__The task__.
Copy out the entries below exactly as they stand, but only from the line containing "using closure_of_minimal[OF stratum_subset_closed_stratum" through the line containing "x = (THE B.".

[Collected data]
lemma closedin_closed_stratum: "closedin (arb_space V E) closed_stratum"
proof -
  obtain \<alpha>0 where a0: "\<alpha>0 \<in> S"
    using corr_nonempty[OF C] by blast
  let ?pre = "{z \<in> topspace (arb_disj V). arb_rel V E `` {z} \<in> closed_stratum}"
  have "closedin (powertop_real (V - {\<beta>})) {x. (\<beta>, x) \<in> ?pre}" if b: "\<beta> \<in> V" for \<beta>
  proof -
    let ?K = "stratum_cbox S P \<inter> {w \<in> extensional E. (\<beta>, \<alpha>0) \<in> (edge_rel (nonneg_edges w))\<^sup>*}"
    have "(\<beta>, x) \<in> ?pre \<longleftrightarrow> x \<in> topspace (powertop_real (V - {\<beta>})) \<and> to_edge_coords \<beta> x \<in> ?K" for x
    proof (cases "x \<in> extensional (V - {\<beta>})")
      case True
      then show ?thesis
        using arb_rel_chart_class[OF b True] to_edge_coords_extensional b
          arb_point_in_closed_stratum_iff[OF b to_edge_coords_extensional a0]
        by (simp add: topspace_arb_disj PiE_UNIV_extensional)
    qed (simp add: topspace_arb_disj PiE_UNIV_extensional)
    then have slice: "{x. (\<beta>, x) \<in> ?pre} = {x \<in> topspace (powertop_real (V - {\<beta>})). to_edge_coords \<beta> x \<in> ?K}"
      by blast
    have "closedin (powertop_real E) ?K"
      using closedin_stratum_cbox[OF corr_partition[OF C]] closedin_nonneg_rtrancl by (rule closedin_Int)
    then show ?thesis
      unfolding slice by (rule closedin_continuous_map_preimage[OF continuous_to_edge_coords[OF b]])
  qed
  then have "closedin (arb_disj V) ?pre"
    unfolding arb_disj_def closedin_sum_topology by (auto simp: arb_disj_def)
  moreover have "closed_stratum \<subseteq> topspace (arb_disj V) // arb_rel V E"
    unfolding topspace_arb_space[symmetric] closed_stratum_def
    using topspace_arb_space_iff corr_subset[OF C] by (auto simp: stratum_cbox_def)
  ultimately show ?thesis
    unfolding closedin_arb_space by simp
qed

lemma closure_stratum: "arb_space V E closure_of stratum V E (S, P) = closed_stratum"
  using closure_of_minimal[OF stratum_subset_closed_stratum closedin_closed_stratum]
    closed_stratum_subset_closure by blast

end

context
  fixes S' P' assumes C': "is_corr V E (S', P')"
begin

definition block_of :: "'v \<Rightarrow> 'v set" where
  "block_of x = (THE B. B \<in> P' \<and> x \<in> B)"

lemma block_of: "x \<in> S' \<Longrightarrow> block_of x \<in> P' \<and> x \<in> block_of x"
proof -
  assume x: "x \<in> S'"
  have "\<exists>!B. B \<in> P' \<and> x \<in> B"
    using partition_on_ex[OF corr_partition[OF C'] x] partition_on_unique[OF corr_partition[OF C']] by blast
  then show ?thesis
    unfolding block_of_def by (rule theI')
qed

lemma block_of_eq:
  assumes "B \<in> P'" "x \<in> B"
  shows "block_of x = B"
proof -
  have "x \<in> S'"
    using partition_on_subset[OF corr_partition[OF C'] assms(1)] assms(2) by blast
  then show ?thesis
    using block_of partition_on_unique[OF corr_partition[OF C'] _ assms(1)] assms(2) by blast
qed

lemma quot_edges_iff:
  "{X, Y} \<in> quot_edges E P' \<longleftrightarrow> X \<in> P' \<and> Y \<in> P' \<and> X \<noteq> Y \<and> (\<exists>a\<in>X. \<exists>b\<in>Y. {a, b} \<in> E)"
proof
  assume "{X, Y} \<in> quot_edges E P'"
  then obtain B1 B2 where h: "{X, Y} = {B1, B2}" "B1 \<in> P'" "B2 \<in> P'" "B1 \<noteq> B2"
      "\<exists>a\<in>B1. \<exists>b\<in>B2. {a, b} \<in> E"
    unfolding quot_edges_def by blast
  then have "(X = B1 \<and> Y = B2) \<or> (X = B2 \<and> Y = B1)"
    by (simp add: doubleton_eq_iff)
  then show "X \<in> P' \<and> Y \<in> P' \<and> X \<noteq> Y \<and> (\<exists>a\<in>X. \<exists>b\<in>Y. {a, b} \<in> E)"
  proof
    assume "X = B1 \<and> Y = B2"
    then show ?thesis
      using h by blast
  next
    assume "X = B2 \<and> Y = B1"
    moreover obtain a b where "a \<in> B1" "b \<in> B2" "{b, a} \<in> E"
      using h(5) by (auto simp: insert_commute)
    ultimately show ?thesis
      using h by blast
  qed
next
  assume "X \<in> P' \<and> Y \<in> P' \<and> X \<noteq> Y \<and> (\<exists>a\<in>X. \<exists>b\<in>Y. {a, b} \<in> E)"
  then show "{X, Y} \<in> quot_edges E P'"
    unfolding quot_edges_def by blast
qed

lemma block_rtrancl_without:
  assumes "C \<in> P'" "x \<in> C" "y \<in> C" "\<not> {a, b} \<subseteq> C"
  shows "(x, y) \<in> (edge_rel (E - {{a, b}}))\<^sup>*"
proof -
  have "induced_edges E C \<subseteq> E - {{a, b}}"
    using assms(4) by (auto simp: induced_edges_def)
  moreover have "(x, y) \<in> (edge_rel (induced_edges E C))\<^sup>*"
    using subtree_rtrancl[OF corr_block_subtree[OF C' assms(1)] assms(2,3)] .
  ultimately show ?thesis
    by (rule rtrancl_edge_rel_mono)
qed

__Expected answer__.
  using closure_of_minimal[OF stratum_subset_closed_stratum closedin_closed_stratum]
    closed_stratum_subset_closure by blast

end

context
  fixes S' P' assumes C': "is_corr V E (S', P')"
begin

definition block_of :: "'v \<Rightarrow> 'v set" where
  "block_of x = (THE B. B \<in> P' \<and> x \<in> B)"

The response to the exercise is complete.